lemma antisymmetrize_mult:
  "antisymmetrize m n (\<lambda>x y. f x * g y) x y = alternating_sum m f x * alternating_sum n g y"
  unfolding antisymmetrize_def alternating_sum_def sum_product
  by (intro sum.cong refl) (simp add: mult_ac)

lemma antisymmetrize_prod_diff_rho_monomial_head:
  fixes x y :: "nat \<Rightarrow> 'a::field"
  assumes "1 \<le> m"
  shows "antisymmetrize m n
           (\<lambda>x y. (\<Prod>j<n. x 0 - y j) * rho_monomial_head N m x * rho_monomial n y) x y
       = super_hz (int N + int n + 1 - int m) m x n y
         * antisymmetrize m n (\<lambda>x y. rho_monomial m x * rho_monomial n y) x y"
proof -
  let ?e = "fps_nth (elem_series y n)" and ?h = "fps_nth_int (compl_series x m)"
  let ?ay = "alternating_sum n (rho_monomial n) y"
  have "antisymmetrize m n
          (\<lambda>x y. (\<Prod>j<n. x 0 - y j) * rho_monomial_head N m x * rho_monomial n y) x y
      = antisymmetrize m n
          (\<lambda>x y. \<Sum>i\<le>n. ?e i * (rho_monomial_head (N + (n - i)) m x * rho_monomial n y)) x y"
  proof (rule antisymmetrize_cong)
    fix p q :: "nat \<Rightarrow> nat"
    assume "q permutes {..<n}"
    then have "(\<Prod>j<n. (x \<circ> p) 0 - (y \<circ> q) j) = (\<Prod>j<n. x (p 0) - y j)"
      by (subst prod.permute[of q]) (simp_all add: o_def)
    also have "\<dots> = (\<Sum>i\<le>n. ?e i * x (p 0) ^ (n - i))"
      by (rule prod_diff_eq_elem_series)
    finally have expand:
      "(\<Prod>j<n. (x \<circ> p) 0 - (y \<circ> q) j) = (\<Sum>i\<le>n. ?e i * x (p 0) ^ (n - i))" .
    show "(\<Prod>j<n. (x \<circ> p) 0 - (y \<circ> q) j) * rho_monomial_head N m (x \<circ> p) * rho_monomial n (y \<circ> q)
        = (\<Sum>i\<le>n. ?e i * (rho_monomial_head (N + (n - i)) m (x \<circ> p) * rho_monomial n (y \<circ> q)))"
      unfolding expand sum_distrib_right rho_monomial_head_def power_add by (simp add: mult_ac)
  qed
  also have "\<dots> = (\<Sum>i\<le>n. ?e i * (alternating_sum m (rho_monomial_head (N + (n - i)) m) x * ?ay))"
    by (simp add: antisymmetrize_linear antisymmetrize_mult)
  also have "\<dots> = (\<Sum>i\<le>n. ?e i * ?h (int N + int n + 1 - int m - int i))
                  * (alternating_sum m (rho_monomial m) x * ?ay)"
    unfolding sum_distrib_right alternating_sum_rho_monomial_head[OF assms]
    by (intro sum.cong refl) (simp add: of_nat_diff algebra_simps)
  also have "\<dots> = super_hz (int N + int n + 1 - int m) m x n y
         * antisymmetrize m n (\<lambda>x y. rho_monomial m x * rho_monomial n y) x y"
    by (simp add: super_hz_eq_sum_elem_compl antisymmetrize_mult)
  finally show ?thesis .
qed
lemma least_fp_least_fixpoint:
  assumes co: "complete_order le" and mono: "monotone le le f"
  shows least_fp_fixpoint: "f (least_fp le f) = least_fp le f"
    and least_fp_lowerbound: "le (f y) y \<Longrightarrow> le (least_fp le f) y"
proof -
  note po = complete_order_porder[OF co]
  define m where "m = Glb le {x. le (f x) x}"
  have glb: "is_glb le {x. le (f x) x} m"
    unfolding m_def by (rule is_glb_Glb[OF co])
  have lower: "le m y" if "le (f y) y" for y
    using glb that unfolding is_glb_def by simp
  have "le (f m) y" if "le (f y) y" for y
    using porder_trans[OF po monotoneD[OF mono lower[OF that]] that] .
  then have fm: "le (f m) m"
    using glb unfolding is_glb_def by simp
  have "le m (f m)"
    by (rule lower) (rule monotoneD[OF mono fm])
  with fm have fix_m: "f m = m"
    by (rule porder_antisym[OF po])
  have "least_fp le f = m"
    unfolding least_fp_def
  proof (rule the_equality)
    show "f m = m \<and> (\<forall>y. f y = y \<longrightarrow> le m y)"
      using fix_m lower porder_refl[OF po] by simp
  next
    fix x assume x: "f x = x \<and> (\<forall>y. f y = y \<longrightarrow> le x y)"
    have "le x m" using x fix_m by simp
    moreover have "le m x" by (rule lower) (simp add: x porder_refl[OF po])
    ultimately show "x = m" by (rule porder_antisym[OF po])
  qed
  then show "f (least_fp le f) = least_fp le f" and "le (f y) y \<Longrightarrow> le (least_fp le f) y"
    using fix_m lower by simp_all
qed

lemma greatest_fp_conversep: "greatest_fp le f = least_fp le\<inverse>\<inverse> f"
  unfolding greatest_fp_def least_fp_def by simp

lemma monotone_conversep: "monotone le le f \<Longrightarrow> monotone le\<inverse>\<inverse> le\<inverse>\<inverse> f"
  by (simp add: monotone_on_def)

lemma greatest_fp_greatest_fixpoint:
  assumes "complete_order le" and "monotone le le f"
  shows greatest_fp_fixpoint: "f (greatest_fp le f) = greatest_fp le f"
    and greatest_fp_upperbound: "le y (f y) \<Longrightarrow> le y (greatest_fp le f)"
  using least_fp_least_fixpoint[OF complete_order_conversep monotone_conversep, OF assms]
  by (simp_all add: greatest_fp_conversep)
(* Consider the single-armed lazy restless bandit described in the context with fixed subsidy $\eta$, and let $\kappa=\frac{1}{1-\beta|p_{0,0}-p_{1,0}|}$, $b=\min\left\{1,\frac{R_1-R_0}{\rho_1-\rho_0}\right\}$, $c=\max\left\{1,\frac{R_1-R_0}{\rho_1-\rho_0}\right\}$. If $\beta<\frac{1+b}{4}$ or $0<|p_{0,0}-p_{1,0}|<\frac{1+b}{4}$, then for all $\pi\in[0,1]$, $\left|\frac{\partial V(\pi)}{\partial\pi}\right|,\ \left|\frac{\partial V_S(\pi)}{\partial\pi}\right|,\ \left|\frac{\partial V_{NS}(\pi)}{\partial\pi}\right|\le\kappa c(\rho_1-\rho_0)$, where at points of non-differentiability the right partial derivative is used.
   Context: Single-armed lazy restless bandit: an arm has a hidden state in $\{0,1\}$ evolving as a two-state Markov chain with transition probabilities $p_{i,j}$ ($p_{i,0}+p_{i,1}=1$). During each session the chain makes exactly $K\ge1$ transitions. In each session the decision maker plays the arm or not. If played with the arm in state $i$ at session start, an ACK is received with probability $\rho_i\in[0,1]$ and the expected reward is $R_i$; if not played, subsidy $\eta$ is received and nothing observed. Discount $\beta\in(0,1)$. Standing assumptions: $\rho_0<\rho_1$, $R_0<R_1$. Belief $\pi\in[0,1]$ = probability of state $0$. $R_S(\pi)=\pi R_0+(1-\pi)R_1$, $\rho(\pi)=\pi\rho_0+(1-\pi)\rho_1$, $\gamma_1(\pi)=\frac{(1-\pi)\rho_1p_{1,0}+\pi\rho_0p_{0,0}}{\rho_1(1-\pi)+\rho_0\pi}$, $\gamma_0(\pi)=\frac{(1-\pi)(1-\rho_1)p_{1,0}+\pi(1-\rho_0)p_{0,0}}{(1-\rho_1)(1-\pi)+(1-\rho_0)\pi}$, $\gamma_2(\pi)=(p_{0,0}-p_{1,0})^K\pi+p_{1,0}\sum_{j=0}^{K-1}(p_{0,0}-p_{1,0})^j$. $V_S,V_{NS},V$ are the unique bounded solution of $V_S(\pi)=R_S(\pi)+\beta\big(\rho(\pi)V(\gamma_1(\pi))+(1-\rho(\pi))V(\gamma_0(\pi))\big)$, $V_{NS}(\pi)=\eta+\beta V(\gamma_2(\pi))$, $V(\pi)=\max\{V_S(\pi),V_{NS}(\pi)\}$ (a term with zero coefficient is taken to be $0$). *)

theory Defs
  imports "HOL-Analysis.Analysis"
begin

text \<open>Belief pi = probability of state 0.
  Transition probabilities p00 = p_{0,0}, p10 = p_{1,0}.
  Division by zero yields 0 in Isabelle; this only happens when the
  coefficient of the corresponding term is 0, matching the convention
  that a term with zero coefficient is 0.\<close>

definition RS :: "real \<Rightarrow> real \<Rightarrow> real \<Rightarrow> real" where
  "RS R0 R1 \<pi> = \<pi> * R0 + (1 - \<pi>) * R1"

-- Exercise --
Take from the material every line that holds "expand".

-- Result below --
    finally have expand:
      unfolding expand sum_distrib_right rho_monomial_head_def power_add by (simp add: mult_ac)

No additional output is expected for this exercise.